In the year of issuance and redemption, the distribution of the payable dividends shall be calculated based on the actual number of days the Preferred Stock remained outstanding in that year.
56 Handbook for 2020 Annual Shareholders’ Meeting
-
The Bank has sole discretion on the distribution of preferred share dividends. If after annual audited accounts are prepared, there is no earnings and no distributing dividends of common stock or insufficient earnings for distributing dividends of Preferred Stock, or if such kind distribution will cause the Bank’s capital adequacy ratio to fall below the minimum requirement stipulated by the Regulations Governing the Capital Adequacy and Capital Category of Banks or the competent authorities, the cancellation of distributing Preferred Stock dividends by resolution of the Bank will not be deemed as an event of default.

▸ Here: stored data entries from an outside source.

lemma mutually_unbiased_ETFs_integrality:
  fixes v :: "'k::finite \<Rightarrow> real^'m::finite" and w :: "'l::finite \<Rightarrow> real^'m"
  assumes ETF: "is_ETF v" "is_ETF w" and mu: "mutually_unbiased v w"
    and card: "CARD('k) > 1" "CARD('l) > 1"
  shows "real CARD('k) * real CARD('l) / real CARD('m) \<in> \<int>"
    and "real CARD('k) * sqrt ((real CARD('l) - real CARD('m)) / (real CARD('m) * (real CARD('l) - 1))) \<in> \<int>"
    and "real CARD('l) * sqrt ((real CARD('k) - real CARD('m)) / (real CARD('m) * (real CARD('k) - 1))) \<in> \<int>"
proof -
  let ?X = "scaled_cross_gram v w"
  have sign: "?X $ i $ j = 1 \<or> ?X $ i $ j = -1" for i j
    by (rule scaled_cross_gram_sign[OF ETF mu])
  have "?X $ i $ j \<in> \<int>" for i j
    using sign[of i j] by auto
  then have X: "\<forall>i j. ?X $ i $ j \<in> \<int>" and Xt: "\<forall>i j. transpose ?X $ i $ j \<in> \<int>"
    by (simp_all add: transpose_def)
  have G: "\<forall>i j. (?X ** transpose ?X) $ i $ j \<in> \<int>" and H: "\<forall>i j. (transpose ?X ** ?X) $ i $ j \<in> \<int>"
    using Ints_matrix_mult[OF X Xt] Ints_matrix_mult[OF Xt X] by blast+
  obtain i :: 'k and j :: 'l where True by blast
  have "real CARD('k) * real CARD('l) / real CARD('m) = (?X ** transpose ?X ** ?X) $ i $ j * ?X $ i $ j"
    using ETF sign[of i j] by (auto simp: is_ETF_def scaled_cross_gram_cube)
  then show "real CARD('k) * real CARD('l) / real CARD('m) \<in> \<int>"
    using Ints_matrix_mult[OF G X] X by simp
  obtain i' where "i' \<noteq> i"
    using exists_other_if_card_gt_1[OF card(1)] by blast
  then have "\<bar>(?X ** transpose ?X) $ i' $ i\<bar> =
      real CARD('l) * sqrt ((real CARD('k) - real CARD('m)) / (real CARD('m) * (real CARD('k) - 1)))"
    by (rule scaled_cross_gram_offdiag[OF ETF])
  then show "real CARD('l) * sqrt ((real CARD('k) - real CARD('m)) / (real CARD('m) * (real CARD('k) - 1))) \<in> \<int>"
    using G by (metis Ints_abs)
  obtain j' where "j' \<noteq> j"
    using exists_other_if_card_gt_1[OF card(2)] by blast
  then have "\<bar>(transpose ?X ** ?X) $ j' $ j\<bar> =
      real CARD('k) * sqrt ((real CARD('l) - real CARD('m)) / (real CARD('m) * (real CARD('l) - 1)))"
    by (rule transpose_mult_scaled_cross_gram_offdiag[OF ETF])
  then show "real CARD('k) * sqrt ((real CARD('l) - real CARD('m)) / (real CARD('m) * (real CARD('l) - 1))) \<in> \<int>"
    using H by (metis Ints_abs)
qed

theorem proposition2:
  assumes "CARD('m::finite) > 1"
    and "CARD('k::finite) \<ge> CARD('m)"
    and "CARD('l::finite) \<ge> CARD('m)"
  shows "((\<exists>(v :: 'k \<Rightarrow> real^'m) (w :: 'l \<Rightarrow> real^'m).
              is_ETF v \<and> is_ETF w \<and> mutually_unbiased v w)
          \<longleftrightarrow>
          (\<exists>X :: real^'l^'k.
              (\<forall>i j. X $ i $ j = 1 \<or> X $ i $ j = -1) \<and>
              (\<exists>a. X ** transpose X ** X = a *\<^sub>R X) \<and>
              (\<exists>c. \<forall>i i'. i \<noteq> i' \<longrightarrow> \<bar>(X ** transpose X) $ i $ i'\<bar> = c) \<and>
              (\<exists>c. \<forall>j j'. j \<noteq> j' \<longrightarrow> \<bar>(transpose X ** X) $ j $ j'\<bar> = c) \<and>
              rank X = CARD('m)))
       \<and> ((\<exists>(v :: 'k \<Rightarrow> real^'m) (w :: 'l \<Rightarrow> real^'m).
              is_ETF v \<and> is_ETF w \<and> mutually_unbiased v w) \<longrightarrow>
            (let k = real CARD('k); l = real CARD('l); m = real CARD('m) in
              k * l / m \<in> \<int> \<and>
              k * sqrt ((l - m) / (m * (l - 1))) \<in> \<int> \<and>
              l * sqrt ((k - m) / (m * (k - 1))) \<in> \<int>))"
proof -
  let ?MU = "\<exists>(v :: 'k \<Rightarrow> real^'m) (w :: 'l \<Rightarrow> real^'m).
    is_ETF v \<and> is_ETF w \<and> mutually_unbiased v w"
  have card: "CARD('k) > 1" "CARD('l) > 1"
    using assms by linarith+
  have "?MU \<longleftrightarrow> (\<exists>X :: real^'l^'k. unbiased_sign_matrix X CARD('m))"
    using unbiased_sign_matrix_scaled_cross_gram mutually_unbiased_ETFs_of_sign_matrix by blast
  moreover have "?MU \<longrightarrow> (let k = real CARD('k); l = real CARD('l); m = real CARD('m) in
      k * l / m \<in> \<int> \<and> k * sqrt ((l - m) / (m * (l - 1))) \<in> \<int> \<and> l * sqrt ((k - m) / (m * (k - 1))) \<in> \<int>)"
    using mutually_unbiased_ETFs_integrality[OF _ _ _ card] by (auto simp: Let_def)
  ultimately show ?thesis
    unfolding unbiased_sign_matrix_def by blast
qed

If the Preferred Stock issued is specified as non-cumulative, the undistributed dividends or shortfalls in dividends distributed shall not be cumulative and shall cease to accrue and be payable, therefore no deferred payment will be paid in subsequent years where there are earnings.
-
The remaining assets of the Bank shall be distributed to the holders of the Preferred Stock in preference to the holders of the Common Stock provided. The different types of preferred stock of the Bank shall rank pari passu without any preference among themselves and their repayment shall be capped at their respective issue amount. If the competent authority puts the Bank under receivership, appoints administrators to take over the Bank, or orders the Bank to suspend its business for special liquidation or to commence liquidation, the holder(s) of the Preferred Stock shall have the same priority as the holders of common shares in terms of distribution of the Bank’s residual assets.
-
The holders of the Preferred Stock shall have no voting and election rights in the Shareholders’ Meeting, but they shall have the right to be elected to be directors. Holders of outstanding Preferred Stock have mandatory voting rights with respect to agendas that would affect Preferred Stock in Shareholders’ meetings and in Preferred Shareholders’ meetings.
-
Except the right of receive the dividends as provided in Sub-paragraph 2 of this Paragraph, the holders of the Preferred Stock, if holding non-participating preferred stock, shall have no right to the distribution of the cash or capital set aside from the surplus and capital surplus, available to the holders of the Common Stock.
-
In case of the issuing of new stock by the Bank due to capital increase, the holders of the Preferred Stock shall have the same pre-emptive right to purchase the new stock like the holders of the Common Stock.
-
Preferred Stock issued by the Bank, the Board of Director is authorized to set the convertible period in the specific issuance terms. If holding Convertible Preferred Stock, may be converted at least one year after the date of issuance terms. The holders of the Preferred Stock may, pursuant to the issuance terms, apply for converting the Preferred Stock, in full or in part, into shares of Common Stock of the Bank at the conversion rate of one-to-one. Upon conversion, the converted stock shall have the same rights and obligations as common stock. Dividends for Preferred Stock at the year of conversion shall be calculated based on the ratio between the actual issuance days and total days of the conversion year, should any shares of Preferred Stock be converted into shares of the Common Stock before the standard date of dividends distribution, the holders shall not have the right to the dividends distribution of Preferred Stock in the current and following years, but such shareholder may participate in the distribution of profit and capital reserve to holders of common stock.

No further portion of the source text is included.